9. FURTHER LIABILITY
a) Furthermore, any claims for damages of the Buyer, irrespective of legal basis, are excluded. This shall not apply in cases that are based on intent, gross negligence or the breach of a material contractual obligation. In case of breach of a material contractual obligation, compensation for damages shall be limited to the foreseeable, typically occurring damage. No change of burden of proof to the disadvantage of the Buyer is connected with the preceding provisions.
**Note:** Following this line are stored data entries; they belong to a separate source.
(* Let $n$ be a positive integer, $\varphi$ a nonconstant analytic self-map of $\mathbb D$ with $\|\varphi\|_\infty<1$, and $\psi\in H^\infty$. Then for every real $b$ with $\|\varphi\|_\infty\le b<1$, $$\|D_{\psi,\varphi,n}\|_{-1}\le n!\,\|\psi\|_\infty\sqrt{\frac{b+|\varphi(0)|}{b-|\varphi(0)|}}\binom{N}{n}b^{N-n},\qquad N=\Big\lfloor\frac{n}{1-b}\Big\rfloor.$$ In particular, if $\|\varphi\|_\infty\le\frac{1}{n+1}$ and $\varphi(0)=0$, then $\|D_{\varphi,n}\|_{-1}=n!$.
   Context: $H^2$ is the Hardy space of analytic $f$ on the open unit disk $\mathbb D$ with $\|f\|^2=\sup_{0<r<1}\frac1{2\pi}\int_0^{2\pi}|f(re^{i\theta})|^2d\theta<\infty$; $\|T\|_{-1}$ denotes the operator norm on $H^2$. $H^\infty$ is the space of bounded analytic functions on $\mathbb D$ with $\|f\|_\infty=\sup_{z\in\mathbb D}|f(z)|$. $D_{\psi,\varphi,n}f=\psi\cdot(f^{(n)}\circ\varphi)$ and $D_{\varphi,n}f=f^{(n)}\circ\varphi$. $\lfloor\cdot\rfloor$ is the greatest integer function. *)

theory Defs
  imports "HOL-Analysis.Analysis"
begin

definition h2_mean :: "(complex \<Rightarrow> complex) \<Rightarrow> real \<Rightarrow> real" where
  "h2_mean f r = (1 / (2 * pi)) *
     integral {0..2*pi} (\<lambda>t. (cmod (f (complex_of_real r * exp (\<i> * complex_of_real t)))) ^ 2)"

definition in_H2 :: "(complex \<Rightarrow> complex) \<Rightarrow> bool" where
  "in_H2 f \<longleftrightarrow> f holomorphic_on ball 0 1 \<and> bdd_above (h2_mean f ` {0<..<1})"

definition h2_norm :: "(complex \<Rightarrow> complex) \<Rightarrow> real" where
  "h2_norm f = sqrt (SUP r\<in>{0<..<1}. h2_mean f r)"

definition h2_opnorm :: "((complex \<Rightarrow> complex) \<Rightarrow> (complex \<Rightarrow> complex)) \<Rightarrow> ereal" where
  "h2_opnorm T = (SUP f\<in>{f. in_H2 f \<and> h2_norm f \<le> 1}.
       (if in_H2 (T f) then ereal (h2_norm (T f)) else \<infinity>))"

definition in_Hinf :: "(complex \<Rightarrow> complex) \<Rightarrow> bool" where
  "in_Hinf f \<longleftrightarrow> f holomorphic_on ball 0 1 \<and> bounded (f ` ball 0 1)"

definition hinf_norm :: "(complex \<Rightarrow> complex) \<Rightarrow> real" where
  "hinf_norm f = (SUP z\<in>ball 0 1. cmod (f z))"

definition wcd_op :: "(complex \<Rightarrow> complex) \<Rightarrow> (complex \<Rightarrow> complex) \<Rightarrow> nat
     \<Rightarrow> (complex \<Rightarrow> complex) \<Rightarrow> (complex \<Rightarrow> complex)" where
  "wcd_op \<psi> \<phi> n f = (\<lambda>z. \<psi> z * (deriv ^^ n) f (\<phi> z))"

definition cd_op :: "(complex \<Rightarrow> complex) \<Rightarrow> nat
     \<Rightarrow> (complex \<Rightarrow> complex) \<Rightarrow> (complex \<Rightarrow> complex)" where
  "cd_op \<phi> n f = (\<lambda>z. (deriv ^^ n) f (\<phi> z))"

end

theory Submission
  imports Defs "HOL-Complex_Analysis.Complex_Analysis"
begin

text \<open>
  As \<open>\<phi>\<close> is nonconstant, the maximum modulus principle gives \<open>|\<phi>| < b\<close> on the disk.
  For \<open>g\<close> holomorphic on the closed disk of radius \<open>b\<close> this yields a subordination estimate
  in the spirit of Littlewood: every circle mean of \<open>|g \<circ> \<phi>|\<^sup>2\<close> is at most
  \<open>(b + |\<phi> 0|) / (b - |\<phi> 0|)\<close> times the mean of \<open>|g|\<^sup>2\<close> on the circle of radius \<open>b\<close>.
  Indeed, \<open>|g w|\<^sup>2\<close> is bounded by its Poisson integral; integrating over \<open>w = \<phi>(r e\<^sup>i\<^sup>s)\<close>
  and swapping the integrals leaves the mean over \<open>s\<close> of the Poisson kernel at \<open>\<phi>(r e\<^sup>i\<^sup>s)\<close>,
  which is harmonic and hence equals its value at \<open>\<phi> 0\<close>; Harnack's inequality bounds that.

  For \<open>g\<close> the \<open>n\<close>-th derivative of \<open>f = \<Sum> a\<^sub>k z\<^sup>k\<close>, Parseval's identity turns the mean
  on the circle of radius \<open>b\<close> into \<open>\<Sum>\<^sub>k |a\<^sub>k\<^sub>+\<^sub>n|\<^sup>2 (n! (k+n choose n) b\<^sup>k)\<^sup>2\<close>. Since
  \<open>m \<mapsto> (m choose n) b\<^sup>m\<^sup>-\<^sup>n\<close> increases up to \<open>N = \<lfloor>n/(1-b)\<rfloor>\<close> and decreases
  afterwards, this is at most \<open>(n! (N choose n) b\<^sup>N\<^sup>-\<^sup>n)\<^sup>2 \<parallel>f\<parallel>\<^sup>2\<close>.
  In the special case the bound is \<open>n!\<close>, attained at \<open>z\<^sup>n\<close>.
\<close>

lemma norm_of_real_mult_cis [simp]: "cmod (complex_of_real \<rho> * cis t) = \<bar>\<rho>\<bar>"
  by (simp add: norm_mult)

lemma h2_mean_cis:
  "h2_mean f r = (1/(2*pi)) * integral {0..2*pi} (\<lambda>t. cmod (f (complex_of_real r * cis t))^2)"
  by (simp add: h2_mean_def cis_conv_exp)

lemma continuous_on_circle_comp:
  fixes g :: "complex \<Rightarrow> 'a::topological_space"
  assumes "continuous_on (cball 0 \<rho>) g" "\<rho> \<ge> 0"
  shows "continuous_on S (\<lambda>t. g (of_real \<rho> * cis t))"
  by (rule continuous_on_compose2[OF assms(1)]) (use assms(2) in \<open>auto intro!: continuous_intros\<close>)

lemma has_integral_circlepath_param:
  assumes "(G has_contour_integral I) (circlepath 0 r)"
  shows "((\<lambda>t. G (of_real r * cis t) * of_real r * \<i> * cis t) has_integral I) {0..2*pi}"
  using assms unfolding circlepath_def
  by (subst (asm) has_contour_integral_part_circlepath_iff) auto

lemma Cauchy_integral_circle_param:
  fixes F :: "complex \<Rightarrow> complex"
  assumes "F holomorphic_on cball 0 r" "cmod w < r"
  shows "((\<lambda>t. F (of_real r * cis t) * (of_real r * cis t) / (of_real r * cis t - w))
            has_integral (2*pi*F w)) {0..2*pi}"
proof -
  have "((\<lambda>u. F u/(u-w)) has_contour_integral (2 * of_real pi * \<i> * F w)) (circlepath 0 r)"
    using assms by (intro Cauchy_integral_circlepath_simple) auto
  from has_integral_mult_left[OF has_integral_circlepath_param[OF this], of "-\<i>"]
  show ?thesis by (simp add: algebra_simps)
qed

lemma higher_deriv_integral_circle_param:
  fixes F :: "complex \<Rightarrow> complex"
  assumes "F holomorphic_on cball 0 r" "r > 0"
  shows "((\<lambda>t. F (of_real r * cis t) / (of_real r * cis t)^k)
            has_integral (2*pi*(deriv ^^ k) F 0 / fact k)) {0..2*pi}"
proof -
  have "((\<lambda>u. F u / (u-0) ^ (Suc k)) has_contour_integral ((2 * pi * \<i>) / (fact k) * (deriv ^^ k) F 0))
           (circlepath 0 r)"
    using assms by (intro Cauchy_has_contour_integral_higher_derivative_circlepath)
       (auto simp: holomorphic_on_imp_continuous_on holomorphic_on_subset)
  from has_integral_mult_left[OF has_integral_circlepath_param[OF this], of "-\<i>"]
  show ?thesis using assms by (simp add: algebra_simps)
qed

subsection \<open>The Poisson kernel\<close>

definition poisson_kernel :: "real \<Rightarrow> complex \<Rightarrow> real \<Rightarrow> real" where
  "poisson_kernel \<rho> w t = (\<rho>^2 - cmod w ^2) / (cmod (of_real \<rho> * cis t - w))^2"

lemma Re_add_div_diff:
  fixes z w :: complex
  shows "Re ((z + w)/(z - w)) = (cmod z^2 - cmod w^2)/cmod (z-w)^2"
proof -
  have "Re ((z + w)/(z - w)) = (Re (z+w) * Re (z-w) + Im (z+w) * Im (z-w)) / cmod (z-w)^2"
    by (simp add: Re_divide')
  also have "Re (z+w) * Re (z-w) + Im (z+w) * Im (z-w) = cmod z^2 - cmod w^2"
    unfolding cmod_power2 by (simp add: algebra_simps power2_eq_square)
  finally show ?thesis .
qed

lemma of_real_poisson_kernel_eq:
  fixes z w :: complex assumes "z \<noteq> w"
  shows "of_real ((cmod z^2 - cmod w^2)/cmod (z - w)^2) = z/(z-w) + cnj z/(cnj z - cnj w) - 1"
proof -
  have d: "z - w \<noteq> 0" "cnj z - cnj w \<noteq> 0" using assms by (auto simp: complex_eq_iff)
  have "of_real ((cmod z^2 - cmod w^2)/cmod (z - w)^2)
      = (z * cnj z - w * cnj w) / ((z - w) * cnj (z - w))"
    by (simp only: of_real_divide of_real_diff complex_norm_square)
  also have "\<dots> = (z * (cnj z - cnj w) + cnj z * (z - w) - (z - w) * (cnj z - cnj w))
                  / ((z - w) * (cnj z - cnj w))"
    by (simp add: algebra_simps)
  also have "\<dots> = z/(z-w) + cnj z/(cnj z - cnj w) - 1"
    using d by (simp add: add_divide_distrib diff_divide_distrib)
  finally show ?thesis .
qed

lemma poisson_kernel_nonneg:
  assumes "cmod w < \<rho>"
  shows "0 \<le> poisson_kernel \<rho> w t"
  unfolding poisson_kernel_def using assms by (intro divide_nonneg_nonneg) (auto intro!: power_mono)

lemma poisson_kernel_le:
  assumes "cmod a < \<rho>"
  shows "poisson_kernel \<rho> a t \<le> (\<rho> + cmod a) / (\<rho> - cmod a)"
proof -
  have d: "\<rho> - cmod a \<le> cmod (of_real \<rho> * cis t - a)"
    using norm_triangle_ineq2[of "of_real \<rho> * cis t" a] assms by auto
  have "poisson_kernel \<rho> a t \<le> (\<rho>^2 - cmod a^2) / (\<rho> - cmod a)^2"
    unfolding poisson_kernel_def using assms d power_mono[of "cmod a" \<rho> 2]
    by (intro divide_left_mono power_mono mult_pos_pos) (auto intro!: power_strict_mono)
  also have "\<dots> = (\<rho> + cmod a) / (\<rho> - cmod a)"
    using assms by (simp add: power2_eq_square square_diff_square_factored)
  finally show ?thesis .
qed

lemma continuous_on_poisson_kernel:
  assumes "cmod w < \<rho>"
  shows "continuous_on S (\<lambda>t. poisson_kernel \<rho> w t)"
proof -
  have "cmod (of_real \<rho> * cis t - w) \<noteq> 0" for t
    using assms by auto
  then show ?thesis unfolding poisson_kernel_def by (intro continuous_intros) auto
qed

text \<open>The factor \<open>\<rho>\<^sup>2/(\<rho>\<^sup>2 - cnj w \<cdot> z)\<close> is holomorphic on the closed disk and equals
  \<open>z\<^sup>* / (z\<^sup>* - w\<^sup>*)\<close> on its boundary, which turns the Poisson kernel into a sum of Cauchy kernels.\<close>

lemma poisson_integral_holomorphic:
  fixes h :: "complex \<Rightarrow> complex"
  assumes hol: "h holomorphic_on cball 0 \<rho>" and w: "cmod w < \<rho>"
  shows "((\<lambda>t. of_real (poisson_kernel \<rho> w t) * h (of_real \<rho> * cis t)) has_integral (2*pi*h w))
           {0..2*pi}"
proof -
  have rho: "\<rho> > 0" using w norm_ge_zero[of w] by linarith
  define k where "k z = h z * (of_real (\<rho>^2) / (of_real (\<rho>^2) - cnj w * z))" for z
  have nz: "of_real (\<rho>^2) - cnj w * z \<noteq> 0" if "z \<in> cball 0 \<rho>" for z
  proof
    assume "of_real (\<rho>^2) - cnj w * z = 0"
    then have "cmod (cnj w * z) = \<rho>^2" by (metis eq_iff_diff_eq_0 norm_of_real abs_power2 real_norm_def)
    moreover have "cmod (cnj w * z) < \<rho>^2"
    proof -
      have "cmod (cnj w * z) = cmod w * cmod z" by (simp add: norm_mult)
      also have "\<dots> \<le> cmod w * \<rho>" using that by (intro mult_left_mono) auto
      also have "\<dots> < \<rho> * \<rho>" using w rho by (intro mult_strict_right_mono) auto
      finally show ?thesis by (simp add: power2_eq_square)
    qed
    ultimately show False by simp
  qed
  have kh: "k holomorphic_on cball 0 \<rho>"
    unfolding k_def using nz by (intro holomorphic_intros hol) auto
  have "((\<lambda>t. h (of_real \<rho> * cis t) * (of_real \<rho> * cis t) / (of_real \<rho> * cis t - w)
               + k (of_real \<rho> * cis t) - h (of_real \<rho> * cis t))
            has_integral (2*pi*h w + 2*pi*h 0 - 2*pi*h 0)) {0..2*pi}"
    using higher_deriv_integral_circle_param[OF kh rho, of 0]
          higher_deriv_integral_circle_param[OF hol rho, of 0] rho
    by (intro has_integral_diff has_integral_add Cauchy_integral_circle_param[OF hol w])
       (auto simp: k_def)
  then have I: "((\<lambda>t. h (of_real \<rho> * cis t) * (of_real \<rho> * cis t) / (of_real \<rho> * cis t - w)
               + k (of_real \<rho> * cis t) - h (of_real \<rho> * cis t)) has_integral (2*pi*h w)) {0..2*pi}"
    by simp
  show ?thesis
  proof (rule has_integral_eq[OF _ I])
    fix t
    define z where "z = complex_of_real \<rho> * cis t"
    have zn: "cmod z = \<rho>" using rho by (simp add: z_def)
    have zw: "z \<noteq> w" using zn w by auto
    have z0: "z \<noteq> 0" using zn rho by auto
    have "complex_of_real (\<rho>^2) = z * cnj z" using zn complex_norm_square[of z] by simp
    then have "complex_of_real (\<rho>^2) / (complex_of_real (\<rho>^2) - cnj w * z)
        = (z * cnj z) / (z * (cnj z - cnj w))"
      by (simp add: algebra_simps)
    also have "\<dots> = cnj z / (cnj z - cnj w)" using z0 by simp
    finally have k: "k z = h z * (cnj z / (cnj z - cnj w))" by (simp add: k_def)
    have P: "of_real (poisson_kernel \<rho> w t) = z/(z-w) + cnj z/(cnj z - cnj w) - 1"
      using of_real_poisson_kernel_eq[OF zw] zn by (simp add: poisson_kernel_def z_def)
    show "h z * z / (z - w) + k z - h z = of_real (poisson_kernel \<rho> w t) * h z"
      unfolding k P by (simp add: algebra_simps)
  qed
qed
b) Should the Buyer sell, modify or combine the Goods delivered with other Goods, the Buyer shall, internally, exempt Q CELLS from any product liability claims of third parties, unless Q CELLS is responsible for the defect causing the liability.
c) Any changes on the Goods and any marking which could be regarded as mark of origin of the Buyer or a third party are inadmissible.
10. EXEMPTION FROM LIABILITY
The exemptions and limitations of liability listed in these terms and conditions shall not apply for
(i) damages arising from injury to life, physical injury or damage to health which are based on a intentional or negligent breach of duty of Q CELLS or an intentional or negligent breach of duty of its legal agents or its vicarious agents,
(ii) any other damages which are based on an intentional or grossly negligent breach of duty of Q CELLS or an intentional or grossly negligent breach of duty of its legal agents or its vicarious agents,
(iii) damage included in the liability according to the Product Liability Act or in cases for which guarantee has been given.
11. RIGHT OF WITHDRAWAL AND TERMINATION
a) Q CELLS shall be entitled to terminate or withdraw from the contract partially or completely if:
(i) an application has been made to open insolvency proceedings against the Buyer’s assets,
(ii) it becomes known that the Buyer has been considered as unworthy of credit at the time of conclusion of the contract,
(iii) the Buyer ceases to exist, or
(iv) in case there is any other important reason that justifies a termination or a withdrawal. Such reason would be, for example, a breach of essential contractual obligations.
b) In case of permanent supply contracts, the right of withdrawal shall be replaced by the right of extraordinary termination without notice.
12. SEVERABILITY CLAUSE, PLACE OF PERFORMANCE, PLACE OF JURISDICTION, WRITTEN FORM
a) If parts of these terms and conditions are invalid or contradict applicable law, this shall not affect the validity of the remaining provisions.
b) Bitterfeld-Wolfen shall be the place of performance and jurisdiction for Hanwha Q CELLS GmbH. These terms and conditions are governed by German law. The application of the UN Convention on Contracts for the International Sale of goods shall be excluded.